Derek-Sweeting-QC

Derek Sweeting QC

‘I don’t think the idea that we should have a vast pool for some sort of diversity reason is a good one. We need to be honest about how many people are likely to get pupillage’

In April 2020, the Bar Council predicted that 80% of chambers would collapse within a year without urgent financial aid. More than a year on, the pandemic persists – as do the vast majority of chambers. Were the early warnings overblown, or is the future of the bar still at risk?

‘I wouldn’t underestimate the effect of the pandemic on publicly funded sets that get a lot of their income from work in the Crown court,’ says Derek Sweeting QC, chair of the Bar Council. ‘But a lot of those predictions – which were really cries for help – were made at a time when government schemes for supporting the self-employed didn’t apply easily to the bar.’

I wouldn’t underestimate the effect of the pandemic on publicly funded sets that get a lot of their income from work in the Crown court

Derek Sweeting QC

Bounce-back loans, the furlough scheme and initiatives to support criminal barristers helped sets stay afloat, he says. ‘The view looking forward is not necessarily the view looking back. But if the implicit question is “was the bar crying wolf?”, I don’t think so. People were genuinely concerned.’

Thirteen months down the line, Sweeting is grappling with the longer-term effects of Covid-19: enormous court backlogs, a ‘crisis around pupillage’, and a government keen to enshrine remote hearings in law.

‘The end of the health emergency isn’t going to be the end of the justice emergency because of the inherent problems we had when we entered the pandemic, most obviously court backlogs.’ Remote hearings will help to tackle the crisis, Sweeting says, citing the master of the rolls’ plans to scale back ‘cosmetic’ hearings in favour of decisions on the papers.

However, Sweeting is suspicious of the notion that technology is a ‘panacea for other problems’– particularly funding. ‘I don’t think financial resource considerations should drive the debate. They’re an important part of it, but we shouldn’t lose sight of what the tried-and-tested advantages of in-person hearings are.’

Virtual justice is just one of the issues that Sweeting has tackled during his first five months at the helm. Pupillages – or rather, the enormous pool of pupillage applicants – is also on his agenda. ‘There are far too many people doing bar courses and paying a great deal of money when the attrition rate… is so high,’ he says. ‘I can’t think of many other instances where you would train with such a low prospect of success.’ According to Bar Council figures, 3,301 candidates applied for just 246 positions via the pupillage gateway this year.

‘I don’t think the idea that we should have a vast pool for some sort of diversity reason is a good one. We need to be honest about how many people are likely to get pupillage.’ Careful distribution of scholarship money would be a good start, he says.

However, Sweeting also has a more radical idea. There are ‘obvious attractions’ to the solicitor training contract model, he says, in which large firms recruit candidates in their final year of university and fund them through their legal training.

‘It’s a different model but it’s one that might offer some real advantages if it were applied to the bar and adapted for our particular needs. Having a cohort of people who knew they were going to be paid for, and were going to a set because they have a pupillage already, would be a step forward.’

While keen to draw inspiration from solicitors, Sweeting rejects the perennial argument for fusion of the legal profession. ‘That question was being asked right at the start of my career which began in 1983 – people were making predictions about what was going to happen to the legal market. And the one common theme in most of these predictions is that they’ve been wrong.’

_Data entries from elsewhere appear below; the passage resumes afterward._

definition pmono :: "nat \<Rightarrow> (nat \<Rightarrow> nat \<Rightarrow> int) \<Rightarrow> (nat \<Rightarrow> int) \<Rightarrow> (nat \<Rightarrow> nat \<Rightarrow> int)
    \<Rightarrow> nat list \<Rightarrow> palg" where
  "pmono l A d \<sigma> w = foldr (\<lambda>i p. pmul l A d \<sigma> (pgen i) p) w pone"

text \<open>The algebra map E_i \<mapsto> e_i from the free algebra (through which pi_B^+ factors).\<close>
definition pi_free :: "nat \<Rightarrow> (nat \<Rightarrow> nat \<Rightarrow> int) \<Rightarrow> (nat \<Rightarrow> int) \<Rightarrow> (nat \<Rightarrow> nat \<Rightarrow> int)
    \<Rightarrow> freealg \<Rightarrow> palg" where
  "pi_free l A d \<sigma> f = (\<lambda>c. \<Sum>w\<in>{w. f w \<noteq> 0}. f w * pmono l A d \<sigma> w c)"

definition piB :: "nat \<Rightarrow> (nat \<Rightarrow> nat \<Rightarrow> int) \<Rightarrow> (nat \<Rightarrow> int) \<Rightarrow> (nat \<Rightarrow> nat \<Rightarrow> int)
    \<Rightarrow> qexpr \<Rightarrow> palg" where
  "piB l A d \<sigma> M = pi_free l A d \<sigma> (feval l A d M)"

end

theory Submission
  imports Defs
begin
lemma row_ok_less_card:
  assumes "row_ok (p::'a::finite \<Rightarrow> nat)" "p l = CARD('a)" "a \<noteq> l"
  shows "p a < CARD('a)"
  using assms unfolding row_ok_iff by (metis injD le_neq_implies_less)

lemma row_ok_last_letter:
  assumes "row_ok (p::'a::finite \<Rightarrow> nat)"
  shows "p (last_letter p) = CARD('a)"
proof -
  obtain a where a: "p a = CARD('a)"
    using row_ok_obtain[OF assms, of "CARD('a)"] by auto
  moreover have "inj p"
    using assms row_ok_iff by blast
  ultimately have "last_letter p = a"
    unfolding last_letter_def by (metis (mono_tags) injD the_equality)
  with a show ?thesis by simp
qed

lemma move_row_self:
  assumes "row_ok (q::'a::finite \<Rightarrow> nat)" "q l = CARD('a)"
  shows "move_row q l l = q"
  using assms unfolding move_row_def row_ok_iff by (auto simp: fun_eq_iff)

lemma row_ok_move_row:
  assumes q: "row_ok (q::'a::finite \<Rightarrow> nat)" and ql: "q l = CARD('a)"
  shows "row_ok (move_row q w l)"
proof (cases "w = l")
  case True
  with assms show ?thesis by (simp add: move_row_self)
next
  case False
  have inj: "inj q" and range: "\<And>a. 1 \<le> q a \<and> q a \<le> CARD('a)"
    using q row_ok_iff by blast+
  have qw: "q w < CARD('a)"
    using row_ok_less_card[OF q ql False] .
  have "inj (move_row q w l)"
  proof (rule injI)
    fix a b
    assume "move_row q w l a = move_row q w l b"
    then have "q a = q b \<or> a = b"
      unfolding move_row_def by (simp split: if_splits)
    with inj show "a = b" by (auto dest: injD)
  qed
  moreover have "1 \<le> move_row q w l a \<and> move_row q w l a \<le> CARD('a)" for a
    using qw range[of a] row_ok_less_card[OF q ql, of a] unfolding move_row_def by auto
  ultimately show ?thesis
    unfolding row_ok_iff by blast
qed

definition prefix_sum :: "('a::finite \<Rightarrow> nat) \<Rightarrow> real^'a \<Rightarrow> 'a \<Rightarrow> real" where
  "prefix_sum p x a = (\<Sum>b | p b < p a. x $ b)"

definition prefix_sums_agree :: "'a::finite perm_datum \<Rightarrow> real^'a \<Rightarrow> bool" where
  "prefix_sums_agree ip x \<longleftrightarrow> prefix_sum (fst ip) x = prefix_sum (snd ip) x"

lemma mem_mat_kernel_Omega_iff:
  assumes "row_ok (fst ip)" "row_ok (snd ip)"
  shows "x \<in> mat_kernel (Omega ip) \<longleftrightarrow> prefix_sums_agree ip x"
proof -
  have inj: "inj (fst ip)" "inj (snd ip)"
    using assms row_ok_iff by blast+
  have "Omega ip $ a $ b * x $ b
      = (if snd ip b < snd ip a then x $ b else 0) - (if fst ip b < fst ip a then x $ b else 0)"
    for a b
    using inj by (cases "b = a") (auto simp: Omega_def inj_eq)
  then have "(Omega ip *v x) $ a = prefix_sum (snd ip) x a - prefix_sum (fst ip) x a" for a
    by (simp add: matrix_vector_mult_def prefix_sum_def sum_subtractf sum.If_cases)
  then show ?thesis
    by (auto simp: mat_kernel_def prefix_sums_agree_def vec_eq_iff fun_eq_iff)
qed

lemma prefix_sum_add_axis:
  "prefix_sum p (x + axis w c) a = prefix_sum p x a + (if p w < p a then c else 0)"
  unfolding prefix_sum_def axis_def by (simp add: sum.distrib)

lemma prefix_sum_diff:
  "prefix_sum p (x - y) a = prefix_sum p x a - prefix_sum p y a"
  unfolding prefix_sum_def by (simp add: sum_subtractf)

lemma prefix_sum_next:
  assumes "inj p" "p c = Suc (p a)"
  shows "prefix_sum p x c = x $ a + prefix_sum p x a"
proof -
  have "{b. p b < p c} = insert a {b. p b < p a}"
    using assms by (auto simp: less_Suc_eq inj_eq)
  then show ?thesis
    unfolding prefix_sum_def by simp
qed

lemma prefix_sum_last:
  assumes "row_ok (p::'a::finite \<Rightarrow> nat)" "p l = CARD('a)"
  shows "prefix_sum p x l = (\<Sum>b\<in>UNIV. x $ b) - x $ l"
proof -
  have "{b. p b < p l} = UNIV - {l}"
    using assms row_ok_less_card by fastforce
  then show ?thesis
    unfolding prefix_sum_def by (simp add: sum_diff)
qed

lemma abs_prefix_sum_le: "\<bar>prefix_sum p x a\<bar> \<le> real CARD('a) * norm (x::real^'a::finite)"
proof -
  have "\<bar>prefix_sum p x a\<bar> \<le> (\<Sum>b\<in>{b. p b < p a}. \<bar>x $ b\<bar>)"
    unfolding prefix_sum_def by (rule sum_abs)
  also have "\<dots> \<le> (\<Sum>b\<in>UNIV. \<bar>x $ b\<bar>)"
    by (rule sum_mono2) auto
  also have "\<dots> \<le> (\<Sum>b\<in>(UNIV::'a set). norm x)"
    by (rule sum_mono) (simp add: component_le_norm_cart)
  finally show ?thesis by simp
qed

lemma prefix_sum_move_row:
  assumes q: "row_ok (q::'a::finite \<Rightarrow> nat)" and ql: "q l = CARD('a)" and a: "a \<noteq> l \<or> w = l"
  shows "prefix_sum (move_row q w l) u a = prefix_sum q (u + axis w (u $ l)) a"
proof (cases "w = l")
  case True
  have "\<not> q l < q a"
    using q ql unfolding row_ok_iff by (simp add: not_less)
  with True show ?thesis
    using q ql by (simp add: move_row_self prefix_sum_add_axis)
next
  case False
  with a have "a \<noteq> l" by simp
  have lt: "q b < CARD('a)" if "b \<noteq> l" for b
    using row_ok_less_card[OF q ql that] .
  show ?thesis
  proof (cases "q a \<le> q w")
    case True
    then have "{b. move_row q w l b < move_row q w l a} = {b. q b < q a}"
      unfolding move_row_def by auto
    with True show ?thesis
      unfolding prefix_sum_def axis_def by (simp add: sum.distrib)
  next
    case beyond: False
    have "{b. move_row q w l b < move_row q w l a} = insert l {b. q b < q a}"
      using beyond \<open>a \<noteq> l\<close> unfolding move_row_def by (auto split: if_splits)
    moreover have "l \<notin> {b. q b < q a}"
      using ql lt[OF \<open>a \<noteq> l\<close>] by simp
    ultimately show ?thesis
      using beyond unfolding prefix_sum_def axis_def by (simp add: sum.distrib)
  qed
qed
(* Let $C$ be a normal closed cone with nonempty interior in a real Banach space. Let $f:\operatorname{int} C \to \operatorname{int} C$ be type K order-preserving and homogeneous, and let $g(x) = f(x)/\|f(x)\|$ for $x \in \operatorname{int} C$. Suppose $f$ has an eigenvector in $\operatorname{int} C$. Then for every $x \in \operatorname{int} C$ such that the orbit $\mathcal{O}(x,g) = \{g^k(x) : k\in\mathbb{N}\}$ has compact closure, the sequence $g^k(x)$ converges to an eigenvector of $f$.
   Context: A closed cone is a closed convex set $C \subset X$ with $\lambda C \subset C$ for $\lambda \ge 0$ and $C \cap (-C) = \{0\}$; $x\le y$ means $y-x\in C$. $C$ is normal if there is $\kappa > 0$ with $\|x\| \le \kappa \|y\|$ whenever $0 \le x \le y$. $f$ is homogeneous if $f(tx) = t f(x)$ for all $t>0$; it is type K order-preserving if for any $x \le y$ in its domain there is $\epsilon > 0$ with $f(y) - f(x) \ge \epsilon(y - x)$. *)

theory Defs
  imports "HOL-Analysis.Analysis"
begin

definition closed_cone :: "'a::real_normed_vector set \<Rightarrow> bool" where
  "closed_cone C \<longleftrightarrow> closed C \<and> convex C \<and> (\<forall>t::real. \<forall>x\<in>C. t \<ge> 0 \<longrightarrow> t *\<^sub>R x \<in> C)
     \<and> C \<inter> uminus ` C = {0}"

definition cone_le :: "'a::real_normed_vector set \<Rightarrow> 'a \<Rightarrow> 'a \<Rightarrow> bool" where
  "cone_le C x y \<longleftrightarrow> y - x \<in> C"

definition normal_cone :: "'a::real_normed_vector set \<Rightarrow> bool" where
  "normal_cone C \<longleftrightarrow> (\<exists>\<kappa>>0. \<forall>x y. cone_le C 0 x \<and> cone_le C x y \<longrightarrow> norm x \<le> \<kappa> * norm y)"

definition homogeneous_on :: "'a::real_normed_vector set \<Rightarrow> ('a \<Rightarrow> 'a) \<Rightarrow> bool" where
  "homogeneous_on D f \<longleftrightarrow> (\<forall>x\<in>D. \<forall>t::real. t > 0 \<longrightarrow> t *\<^sub>R x \<in> D \<longrightarrow> f (t *\<^sub>R x) = t *\<^sub>R f x)"

definition typeK_order_preserving_on ::
  "'a::real_normed_vector set \<Rightarrow> 'a set \<Rightarrow> ('a \<Rightarrow> 'a) \<Rightarrow> bool" where
  "typeK_order_preserving_on C D f \<longleftrightarrow>
     (\<forall>x\<in>D. \<forall>y\<in>D. cone_le C x y \<longrightarrow> (\<exists>\<epsilon>>0. cone_le C (\<epsilon> *\<^sub>R (y - x)) (f y - f x)))"

definition eigenvector_on :: "'a::real_normed_vector set \<Rightarrow> ('a \<Rightarrow> 'a) \<Rightarrow> 'a \<Rightarrow> bool" where
  "eigenvector_on D f v \<longleftrightarrow> v \<in> D \<and> v \<noteq> 0 \<and> (\<exists>c::real. f v = c *\<^sub>R v)"

end

theory Submission
  imports Defs
begin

Aside from major ‘practical business’ benefits, Sweeting says the distinctive role of solicitors and barristers is ‘very attractive’ internationally. ‘It goes with all the things that make English law, and England and Wales as a jurisdiction, a powerful combination. How many contracts have QC clauses in them to determine things which are intractable? How well understood is the rank of QC and the role of barristers? I think it’s a selling point for us internationally, particularly the QC rank which came close to abolition at one stage.’

With seven months left as Bar Council chair, Sweeting is hopeful that lawyers will be mingling again soon, including at an in-person bar conference in November. ‘There is a feeling that things are going back to the new normal’, he says. Quite what form the ‘new normal’ will take, however, remains to be seen.